Unfortunately, somethings have deadlines (ones with greater financial repercussion) so I cannot take days off completely right now. However, I must take action before it is too late.


This is what I am going to do to allow myself to recharge:

  • Taking half-day off in the office

  • Going on a de-load phase in the workouts (less stress on my body and mind trying to figure out gym schedule while moving)

  • No to social mandates

  • Still follow the meal plan and schedule (VERY IMPORTANT)


Once things calm down, I will re-evaluate what is important to me, and add those responsibilities back into my life.


I foresee my life stabilizing once I move into a new house in 10 days. I will also then have a holiday and a weekend to properly recharge because I will not have to worry about where I will stay nor what work I will have to do.


I am grateful how supportive my girlfriend is. She reassures me to make me feel secured about our relationship, and encourages me to take time for myself to sort things out.


I am also grateful for myself coming this far in life. While dealing with all these stressful situations and failures, I look at myself in the mirror and I am just so proud of myself.

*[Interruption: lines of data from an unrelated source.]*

lemma lorentzian_null_future_sign:
  fixes g :: "real^'n^'n"
  assumes "lorentzian g" and "null_vec g a" and "gvec g tau tau > 0" and "causal_future g tau u"
  shows "gvec g a tau \<noteq> 0 \<and> 0 \<le> gvec g a tau * gvec g a u"
proof -
  obtain P :: "real^'n^'n" and i0
    where P: "invertible P" and E: "transpose P ** g ** P = minkowski_matrix i0"
    using assms(1) by (rule lorentzian_minkowski_coordinates)
  have coord: "gvec g (P *v x) (P *v y) = 2 * x$i0 * y$i0 - x \<bullet> y" for x y
    by (simp add: gvec_def quadratic_form_congruence E minkowski_form)
  obtain b t m where a: "a = P *v b" and tau: "tau = P *v t" and u: "u = P *v m"
    using invertible_mult_vec_surj[OF P] by metis
  have b: "b \<noteq> 0" "b \<bullet> b \<le> 2 * (b$i0)^2"
    using assms(2)
    by (auto simp: null_vec_def a coord invertible_mult_vec_eq_0[OF P] power2_eq_square)
  have t: "t \<bullet> t < 2 * (t$i0)^2"
    using assms(3) by (simp add: tau coord power2_eq_square)
  have m: "m \<noteq> 0" "m \<bullet> m \<le> 2 * (m$i0)^2" "0 < 2 * t$i0 * m$i0 - t \<bullet> m"
    using assms(4) by (auto simp: causal_future_def u tau coord invertible_mult_vec_eq_0[OF P]
        power2_eq_square)
  define X where "X = 2 * t$i0 * b$i0 - t \<bullet> b"
  define Y where "Y = 2 * b$i0 * m$i0 - b \<bullet> m"
  have tm: "0 < t$i0 * m$i0"
    using minkowski_causal_time_product(2)[OF less_imp_le[OF t] m(2) t m(1)] m(3)
    by (simp add: zero_less_mult_iff)
  have tb: "0 < t$i0 * b$i0 * X"
    unfolding X_def using minkowski_causal_time_product(2)[OF less_imp_le[OF t] b(2) t b(1)] .
  have bm: "0 \<le> b$i0 * m$i0 * Y"
    unfolding Y_def using minkowski_causal_time_product(1)[OF b(2) m(2)] .
  have "b$i0 \<noteq> 0"
    using tb by auto
  then have bb: "0 < b$i0 * b$i0"
    by (metis not_real_square_gt_zero)
  have "0 \<le> (t$i0 * m$i0) * (b$i0 * b$i0) * (X * Y)"
    using mult_nonneg_nonneg[OF less_imp_le[OF tb] bm] by (simp add: algebra_simps)
  then have "0 \<le> X * Y"
    using mult_pos_pos[OF tm bb] by (simp add: zero_le_mult_iff)
  moreover have "gvec g a tau = X" and "gvec g a u = Y"
    by (simp_all add: a tau u coord X_def Y_def inner_commute algebra_simps)
  ultimately show ?thesis
    using tb by auto
qed

lemma null_cov_future_sign:
  fixes g :: "real^'n^'n"
  assumes "lorentzian g" and "null_cov g n" and "gvec g tau tau > 0" and "causal_future g tau u"
  shows "n \<bullet> tau \<noteq> 0 \<and> 0 \<le> (n \<bullet> tau) * (n \<bullet> u)"
proof -
  define a where "a = matrix_inv g *v n"
  have ga: "g *v a = n"
    using matrix_inv_right[OF lorentzian_invertible[OF assms(1)]]
    by (simp add: a_def matrix_vector_mul_assoc)
  have raise: "gvec g a x = n \<bullet> x" for x
    using gvec_commute[OF lorentzian_symmetric[OF assms(1)], of a x]
    by (simp add: gvec_def ga inner_commute)
  have "null_vec g a"
    using assms(2) ga raise[of a]
    by (auto simp: null_vec_def null_cov_def gcov_def a_def inner_commute)
  from lorentzian_null_future_sign[OF assms(1) this assms(3,4)] show ?thesis
    by (simp add: raise)
qed

section \<open>Null-cone preserving tensors\<close>

lemma outer_row: "outer s k $ i = s$i *\<^sub>R k"
  by (simp add: outer_def vec_eq_iff)

lemma transpose_outer: "transpose (outer s k) = outer k s"
  by (simp add: outer_def transpose_def vec_eq_iff)

lemma outer_mult_vec: "outer s k *v v = (k \<bullet> v) *\<^sub>R s"
  by (simp add: outer_def vec_eq_iff matrix_vector_mult_def inner_vec_def sum_distrib_left ac_simps)

lemma outer_self_eq_0_iff: "outer s s = 0 \<longleftrightarrow> s = 0"
  by (auto simp: outer_def vec_eq_iff)

lemma outer_gram: "outer s k ** h ** transpose (outer s k) = gvec h k k *\<^sub>R outer s s"
  by (simp add: vec_eq_iff matrix_mult_transpose_nth outer_row matrix_vector_mult_scaleR gvec_def)

lemma gram_eq_0_iff_outer_null:
  fixes h T :: "real^'n^'n"
  assumes "CARD('n) \<ge> 2" and "lorentzian h"
  shows "T ** h ** transpose T = 0 \<longleftrightarrow> (\<exists>s k. null_vec h k \<and> T = outer s k)"
proof
  assume "T ** h ** transpose T = 0"
  then have rows: "gvec h (T$i) (T$j) = 0" for i j
    by (metis gvec_def matrix_mult_transpose_nth zero_index)
  show "\<exists>s k. null_vec h k \<and> T = outer s k"
  proof (cases "T = 0")
    case True
    obtain k where "null_vec h k"
      using lorentzian_exists_null[OF assms] .
    moreover have "T = outer 0 k"
      using True by (simp add: outer_def vec_eq_iff)
    ultimately show ?thesis
      by blast
  next
    case False
    then obtain i where "T$i \<noteq> 0"
      by (auto simp: vec_eq_iff)
    then have null: "null_vec h (T$i)"
      using rows by (simp add: null_vec_def)
    define c where "c j = (SOME c. T$j = c *\<^sub>R T$i)" for j
    have parallel: "T$j = c j *\<^sub>R T$i" for j
      unfolding c_def using lorentzian_null_orthogonal_parallel[OF assms(2) null rows rows]
      by (rule someI_ex)
    have "T = outer (\<chi> j. c j) (T$i)"
      unfolding vec_eq_iff[of T] outer_row vec_lambda_beta using parallel by blast
    with null show ?thesis
      by blast
  qed
next
  assume "\<exists>s k. null_vec h k \<and> T = outer s k"
  then show "T ** h ** transpose T = 0"
    by (auto simp: outer_gram null_vec_def)
qed

lemma gram_both_eq_0_iff_outer_null_null:
  fixes h T :: "real^'n^'n"
  assumes "CARD('n) \<ge> 2" and "lorentzian h"
  shows "(T ** h ** transpose T = 0 \<and> transpose T ** h ** T = 0) \<longleftrightarrow>
    T = 0 \<or> (\<exists>n k. null_vec h n \<and> null_vec h k \<and> T = outer n k)"
proof
  assume grams: "T ** h ** transpose T = 0 \<and> transpose T ** h ** T = 0"
  then obtain s k where k: "null_vec h k" and T: "T = outer s k"
    using gram_eq_0_iff_outer_null[OF assms] by blast
  have "gvec h s s *\<^sub>R outer k k = 0"
    using grams by (simp add: T transpose_outer outer_gram[of k s h, unfolded transpose_outer])
  then have "gvec h s s = 0"
    using k by (simp add: outer_self_eq_0_iff null_vec_def)
  show "T = 0 \<or> (\<exists>n k. null_vec h n \<and> null_vec h k \<and> T = outer n k)"
  proof (cases "s = 0")
    case True
    then show ?thesis
      by (simp add: T outer_def vec_eq_iff)
  next
    case False
    with \<open>gvec h s s = 0\<close> have "null_vec h s"
      by (simp add: null_vec_def)
    with k T show ?thesis
      by blast
  qed
next
  assume "T = 0 \<or> (\<exists>n k. null_vec h n \<and> null_vec h k \<and> T = outer n k)"
  then consider "T = 0" | n k where "null_vec h n" "null_vec h k" "T = outer n k"
    by blast
  then show "T ** h ** transpose T = 0 \<and> transpose T ** h ** T = 0"
  proof cases
    case 1
    then show ?thesis
      by (simp add: matrix_matrix_mult_def vec_eq_iff transpose_def)
  next
    case (2 n k)
    then show ?thesis
      by (simp add: outer_gram[of n k h, unfolded transpose_outer]
          outer_gram[of k n h, unfolded transpose_outer] transpose_outer null_vec_def)
  qed
qed

lemma lorentzian_null_form_singular_eq_0:
  fixes g A :: "real^'n^'n"
  assumes "lorentzian g" and "transpose A = A" and "det A = 0"
    and "\<And>k. gvec g k k = 0 \<Longrightarrow> k \<bullet> (A *v k) = 0"
  shows "A = 0"
proof -
  obtain l where A: "A = l *\<^sub>R g"
    using lorentzian_null_quadratic_form[OF assms(1,2)] assms(4) by blast
  have "\<not> invertible A"
    using assms(3) by (simp add: invertible_det_nz)
  then have "l = 0"
    using A scalar_invertible lorentzian_invertible[OF assms(1)] by blast
  then show ?thesis
    by (simp add: A)
qed

lemma gram_eq_0_iff_singular_null_form:
  fixes g T :: "real^'n^'n"
  assumes "lorentzian g"
  shows "T ** matrix_inv g ** transpose T = 0 \<longleftrightarrow>
    det T = 0 \<and> (\<forall>k. gvec g k k = 0 \<longrightarrow> k \<bullet> ((T ** matrix_inv g ** transpose T) *v k) = 0)"
proof -
  let ?A = "T ** matrix_inv g ** transpose T"
  have inv: "invertible (matrix_inv g)"
    by (rule invertible_matrix_inv[OF lorentzian_invertible[OF assms]])
  have det: "det ?A = det T * det (matrix_inv g) * det T"
    by (simp add: det_mul det_transpose)
  have sym: "transpose ?A = ?A"
    using lorentzian_symmetric[OF lorentzian_matrix_inv[OF assms]]
    by (simp add: matrix_transpose_mul matrix_mul_assoc)
  show ?thesis
  proof
    assume "?A = 0"
    then show "det T = 0 \<and> (\<forall>k. gvec g k k = 0 \<longrightarrow> k \<bullet> (?A *v k) = 0)"
      using det inv by (simp add: invertible_det_nz det_0[unfolded mat_0])
  next
    assume "det T = 0 \<and> (\<forall>k. gvec g k k = 0 \<longrightarrow> k \<bullet> (?A *v k) = 0)"
    then show "?A = 0"
      using lorentzian_null_form_singular_eq_0[OF assms sym] det by simp
  qed
qed

lemma singular_map_iff_det:
  fixes g T :: "real^'n^'n"
  assumes "invertible g"
  shows "singular_map g T \<longleftrightarrow> det T = 0"
  using invertible_matrix_inv[OF assms]
  by (simp add: singular_map_def mixed_def det_mul invertible_det_nz)

lemma gvec_vector_mult_mixed:
  fixes g T :: "real^'n^'n"
  assumes "lorentzian g"
  shows "gvec g (k v* mixed g T) (k v* mixed g T) = k \<bullet> ((T ** matrix_inv g ** transpose T) *v k)"
proof -
  let ?G = "matrix_inv g"
  have G: "transpose ?G = ?G" "g ** ?G = mat 1"
    using lorentzian_symmetric[OF lorentzian_matrix_inv[OF assms]]
      matrix_inv_right[OF lorentzian_invertible[OF assms]] by auto
  have "k v* mixed g T = ?G *v (k v* T)"
    by (simp add: mixed_def G(1) matrix_transpose_mul matrix_vector_mul_assoc
        flip: transpose_matrix_vector)
  then have "gvec g (k v* mixed g T) (k v* mixed g T) = (k v* T) \<bullet> (?G *v (k v* T))"
    by (simp add: gvec_def matrix_vector_mul_assoc G(2) inner_commute)
  then show ?thesis
    using quadratic_form_congruence[of "transpose T" k "matrix_inv g" k] by simp
qed

lemma gcov_mixed_mult_vec:
  fixes g T :: "real^'n^'n"
  assumes "invertible g"
  shows "gcov g (mixed g T *v (g *v k)) (mixed g T *v (g *v k))
    = k \<bullet> ((transpose T ** matrix_inv g ** T) *v k)"
proof -
  have "mixed g T *v (g *v k) = T *v k"
    using matrix_inv_left[OF assms]
    by (simp add: mixed_def matrix_vector_mul_assoc flip: matrix_mul_assoc)
  then show ?thesis
    by (simp add: gcov_def quadratic_form_congruence)
qed

lemma all_null_vec_iff_all_isotropic:
  "P 0 \<Longrightarrow> (\<forall>k. null_vec g k \<longrightarrow> P k) \<longleftrightarrow> (\<forall>k. gvec g k k = 0 \<longrightarrow> P k)"
  by (metis null_vec_def)

lemma zero_or_null_vec_iff: "v = 0 \<or> null_vec g v \<longleftrightarrow> gvec g v v = 0"
  by (auto simp: null_vec_def gvec_def)

lemma zero_or_null_cov_iff: "w = 0 \<or> null_cov g w \<longleftrightarrow> gcov g w w = 0"
  by (auto simp: null_cov_def gcov_def)

lemma null_cone_preserving_iff_null_form:
  fixes g T :: "real^'n^'n"
  assumes "lorentzian g"
  shows "null_cone_preserving g T \<longleftrightarrow>
    (\<forall>k. gvec g k k = 0 \<longrightarrow> k \<bullet> ((T ** matrix_inv g ** transpose T) *v k) = 0)"
  unfolding null_cone_preserving_def Let_def zero_or_null_vec_iff gvec_vector_mult_mixed[OF assms]
  by (rule all_null_vec_iff_all_isotropic) simp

Lately I am obsessed with the sentence "build the garden". Here is a more detailed quote from online:


"If you spend your time chasing butterflies, they'll fly away, If you spend your time making a beautiful garden, the butterflies will come to you. And if they don't come, you still have your garden."

And this hit me hard.


I am glad that I focused on building the garden (improving myself - just being a better person than who you were before) versus chasing butterflies (success, respect from others, and etc.) all this time. So even when things do not go the way I envisioned or I do not get the result I wanted, I still have the better me who are stronger, fitter, wiser, and more loving.




Challenge Log


Requirements


No Snacks

No drinks or desserts exceeding weekly limit

No snacks

Water intake

(max 2L)

1.5L

2x Pomodoro flows

(read min. 10 pages)

Interior design & renovation plan

Productive activity

(write a journal or a blog; create a product)

Journalling

Physical activity

(min. 45 minutes)

PULL DAY 1. Cable chin-up 140lb 4x8 2. DB row 60lb 4x8 3A. DB curl 20lb 4x8 3B. DB tri-extension 20lb 4x8 4A. DB pullover 45lb 4x8 4B. DB bench 20lb 4x8 5. Weighted leg raises 12lb 3x6 6. Hanging leg raise + 30s boat hold 5x10

Wildcard

(any 1 of read/produce/exercise above)

(PRODUCE) Prepping for move


Should've/Would've/Could've


-- It's ok. You MUST take a break at this point. You are still far better than who you were before. Taking a break will not set you back. Keep going forward without break WILL.